_Task prompt_
The lines to repeat are those below from the one containing "proof (induction m)" down to the one containing "Suc.IH by (simp add: algebra_simps)", both included; reproduce them exactly and nothing else.

_The data_
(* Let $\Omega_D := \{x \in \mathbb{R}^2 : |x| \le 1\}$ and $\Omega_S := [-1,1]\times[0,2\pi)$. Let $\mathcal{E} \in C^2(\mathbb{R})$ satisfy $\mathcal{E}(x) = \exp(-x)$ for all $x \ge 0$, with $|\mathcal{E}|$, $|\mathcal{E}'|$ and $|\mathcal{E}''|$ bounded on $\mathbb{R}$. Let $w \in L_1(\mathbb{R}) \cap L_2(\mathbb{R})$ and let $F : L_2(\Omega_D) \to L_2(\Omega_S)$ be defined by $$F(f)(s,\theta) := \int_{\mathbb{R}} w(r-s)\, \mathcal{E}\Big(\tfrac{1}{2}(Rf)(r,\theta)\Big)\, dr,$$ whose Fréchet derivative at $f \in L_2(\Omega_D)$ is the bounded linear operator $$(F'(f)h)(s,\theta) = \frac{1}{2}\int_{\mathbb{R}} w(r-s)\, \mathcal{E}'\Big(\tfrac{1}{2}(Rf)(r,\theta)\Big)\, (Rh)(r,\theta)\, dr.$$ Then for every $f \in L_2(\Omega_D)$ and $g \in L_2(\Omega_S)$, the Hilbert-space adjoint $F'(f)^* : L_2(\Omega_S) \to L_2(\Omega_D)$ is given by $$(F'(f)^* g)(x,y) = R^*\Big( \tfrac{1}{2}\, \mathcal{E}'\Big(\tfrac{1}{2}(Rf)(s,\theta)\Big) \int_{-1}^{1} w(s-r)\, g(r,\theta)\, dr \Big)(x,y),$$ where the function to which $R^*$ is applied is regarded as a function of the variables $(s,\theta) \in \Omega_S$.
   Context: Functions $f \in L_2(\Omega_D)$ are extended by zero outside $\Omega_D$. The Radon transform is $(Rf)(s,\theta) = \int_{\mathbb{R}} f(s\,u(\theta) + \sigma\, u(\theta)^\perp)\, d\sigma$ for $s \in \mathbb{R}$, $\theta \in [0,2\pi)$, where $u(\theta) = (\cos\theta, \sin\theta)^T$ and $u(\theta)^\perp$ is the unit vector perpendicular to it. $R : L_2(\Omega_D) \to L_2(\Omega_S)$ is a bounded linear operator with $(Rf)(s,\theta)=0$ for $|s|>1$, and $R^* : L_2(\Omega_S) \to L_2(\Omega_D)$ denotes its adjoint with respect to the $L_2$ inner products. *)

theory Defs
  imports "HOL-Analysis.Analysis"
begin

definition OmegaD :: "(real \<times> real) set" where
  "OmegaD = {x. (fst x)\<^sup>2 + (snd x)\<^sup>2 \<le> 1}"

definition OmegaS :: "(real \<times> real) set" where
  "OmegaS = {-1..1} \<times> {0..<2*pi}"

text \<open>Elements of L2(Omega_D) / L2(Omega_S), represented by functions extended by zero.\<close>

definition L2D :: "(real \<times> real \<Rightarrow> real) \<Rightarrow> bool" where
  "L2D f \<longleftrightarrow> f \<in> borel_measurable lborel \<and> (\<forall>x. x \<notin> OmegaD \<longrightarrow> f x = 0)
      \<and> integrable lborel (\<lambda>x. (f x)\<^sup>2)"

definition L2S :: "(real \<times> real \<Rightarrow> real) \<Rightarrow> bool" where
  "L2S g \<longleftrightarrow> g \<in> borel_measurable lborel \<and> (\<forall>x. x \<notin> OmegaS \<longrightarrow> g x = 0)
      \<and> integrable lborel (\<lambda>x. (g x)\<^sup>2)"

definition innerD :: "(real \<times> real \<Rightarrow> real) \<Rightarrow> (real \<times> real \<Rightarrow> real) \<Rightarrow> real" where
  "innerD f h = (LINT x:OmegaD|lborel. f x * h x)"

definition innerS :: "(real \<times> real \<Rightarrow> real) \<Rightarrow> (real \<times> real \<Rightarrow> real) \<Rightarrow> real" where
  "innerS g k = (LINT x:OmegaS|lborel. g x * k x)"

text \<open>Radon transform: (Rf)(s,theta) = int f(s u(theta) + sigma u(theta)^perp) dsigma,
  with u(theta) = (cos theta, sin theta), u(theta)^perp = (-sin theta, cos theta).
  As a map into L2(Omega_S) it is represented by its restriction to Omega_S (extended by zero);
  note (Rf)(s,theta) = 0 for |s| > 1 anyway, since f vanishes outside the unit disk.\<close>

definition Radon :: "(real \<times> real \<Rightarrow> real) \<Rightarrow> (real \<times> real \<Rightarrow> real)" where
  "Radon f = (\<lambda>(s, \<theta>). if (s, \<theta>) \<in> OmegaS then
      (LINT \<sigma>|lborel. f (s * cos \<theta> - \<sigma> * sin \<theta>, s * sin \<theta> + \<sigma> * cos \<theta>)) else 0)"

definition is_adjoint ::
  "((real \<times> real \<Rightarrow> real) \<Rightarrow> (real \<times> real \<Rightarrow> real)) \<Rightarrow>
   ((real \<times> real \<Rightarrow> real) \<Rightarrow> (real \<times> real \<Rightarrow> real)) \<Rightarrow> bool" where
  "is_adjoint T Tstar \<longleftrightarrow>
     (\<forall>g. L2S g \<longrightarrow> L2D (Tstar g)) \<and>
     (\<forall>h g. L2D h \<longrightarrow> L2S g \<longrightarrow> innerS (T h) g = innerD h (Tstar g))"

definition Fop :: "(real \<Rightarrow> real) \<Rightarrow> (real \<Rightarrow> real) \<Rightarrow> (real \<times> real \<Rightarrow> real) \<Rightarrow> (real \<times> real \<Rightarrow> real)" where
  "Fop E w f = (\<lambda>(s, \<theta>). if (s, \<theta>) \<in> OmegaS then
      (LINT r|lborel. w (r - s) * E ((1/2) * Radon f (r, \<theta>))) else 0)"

* * *

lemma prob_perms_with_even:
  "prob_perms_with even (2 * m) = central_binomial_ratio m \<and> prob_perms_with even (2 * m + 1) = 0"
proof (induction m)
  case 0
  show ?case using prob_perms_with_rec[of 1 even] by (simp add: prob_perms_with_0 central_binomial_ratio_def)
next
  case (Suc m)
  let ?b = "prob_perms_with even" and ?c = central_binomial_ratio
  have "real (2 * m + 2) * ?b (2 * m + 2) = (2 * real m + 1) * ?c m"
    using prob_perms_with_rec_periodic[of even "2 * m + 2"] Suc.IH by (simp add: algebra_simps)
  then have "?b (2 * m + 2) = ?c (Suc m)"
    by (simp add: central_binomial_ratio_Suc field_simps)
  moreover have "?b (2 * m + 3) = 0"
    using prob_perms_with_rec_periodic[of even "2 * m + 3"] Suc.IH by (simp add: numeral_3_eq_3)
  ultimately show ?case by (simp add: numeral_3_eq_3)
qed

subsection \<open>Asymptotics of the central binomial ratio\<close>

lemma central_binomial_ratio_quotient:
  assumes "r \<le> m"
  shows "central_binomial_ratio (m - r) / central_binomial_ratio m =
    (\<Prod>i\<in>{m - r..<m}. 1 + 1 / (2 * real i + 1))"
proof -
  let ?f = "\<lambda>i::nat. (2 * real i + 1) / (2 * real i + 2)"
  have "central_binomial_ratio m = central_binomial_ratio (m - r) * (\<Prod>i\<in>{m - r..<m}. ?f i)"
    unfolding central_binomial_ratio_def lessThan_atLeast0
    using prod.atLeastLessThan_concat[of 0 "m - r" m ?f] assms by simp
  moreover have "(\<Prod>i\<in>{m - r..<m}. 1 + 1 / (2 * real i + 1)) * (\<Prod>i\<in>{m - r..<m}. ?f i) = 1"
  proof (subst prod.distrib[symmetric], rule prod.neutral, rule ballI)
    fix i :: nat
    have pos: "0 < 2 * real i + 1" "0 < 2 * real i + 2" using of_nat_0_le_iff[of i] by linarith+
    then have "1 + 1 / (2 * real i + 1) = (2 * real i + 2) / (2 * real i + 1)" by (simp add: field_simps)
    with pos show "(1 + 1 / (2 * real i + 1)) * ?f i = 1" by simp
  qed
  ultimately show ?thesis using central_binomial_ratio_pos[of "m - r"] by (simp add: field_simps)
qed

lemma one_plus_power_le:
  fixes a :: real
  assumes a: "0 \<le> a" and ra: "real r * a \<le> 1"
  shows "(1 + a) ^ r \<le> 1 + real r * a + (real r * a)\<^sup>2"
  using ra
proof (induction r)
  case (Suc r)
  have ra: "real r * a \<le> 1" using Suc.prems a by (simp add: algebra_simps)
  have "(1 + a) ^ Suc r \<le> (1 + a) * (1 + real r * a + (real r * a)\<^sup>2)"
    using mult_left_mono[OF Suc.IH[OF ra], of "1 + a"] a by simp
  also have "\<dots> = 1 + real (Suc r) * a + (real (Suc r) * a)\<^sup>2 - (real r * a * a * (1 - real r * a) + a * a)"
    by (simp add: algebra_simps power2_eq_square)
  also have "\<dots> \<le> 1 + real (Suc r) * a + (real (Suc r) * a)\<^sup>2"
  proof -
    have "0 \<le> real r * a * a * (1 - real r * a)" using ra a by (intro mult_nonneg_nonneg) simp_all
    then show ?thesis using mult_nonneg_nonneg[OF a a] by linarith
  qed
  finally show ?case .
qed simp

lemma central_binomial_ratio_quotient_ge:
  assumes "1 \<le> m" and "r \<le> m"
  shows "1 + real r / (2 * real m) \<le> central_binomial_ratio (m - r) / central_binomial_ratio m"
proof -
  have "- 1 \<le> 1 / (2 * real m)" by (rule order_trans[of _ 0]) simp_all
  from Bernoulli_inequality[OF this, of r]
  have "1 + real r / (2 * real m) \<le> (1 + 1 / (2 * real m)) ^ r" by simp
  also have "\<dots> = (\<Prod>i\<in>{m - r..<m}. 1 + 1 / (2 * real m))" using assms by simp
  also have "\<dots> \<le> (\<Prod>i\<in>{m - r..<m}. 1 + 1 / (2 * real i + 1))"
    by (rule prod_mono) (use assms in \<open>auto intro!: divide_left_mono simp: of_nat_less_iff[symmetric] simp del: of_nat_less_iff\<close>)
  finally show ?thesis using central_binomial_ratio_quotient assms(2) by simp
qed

_Task response_
proof (induction m)
  case 0
  show ?case using prob_perms_with_rec[of 1 even] by (simp add: prob_perms_with_0 central_binomial_ratio_def)
next
  case (Suc m)
  let ?b = "prob_perms_with even" and ?c = central_binomial_ratio
  have "real (2 * m + 2) * ?b (2 * m + 2) = (2 * real m + 1) * ?c m"
    using prob_perms_with_rec_periodic[of even "2 * m + 2"] Suc.IH by (simp add: algebra_simps)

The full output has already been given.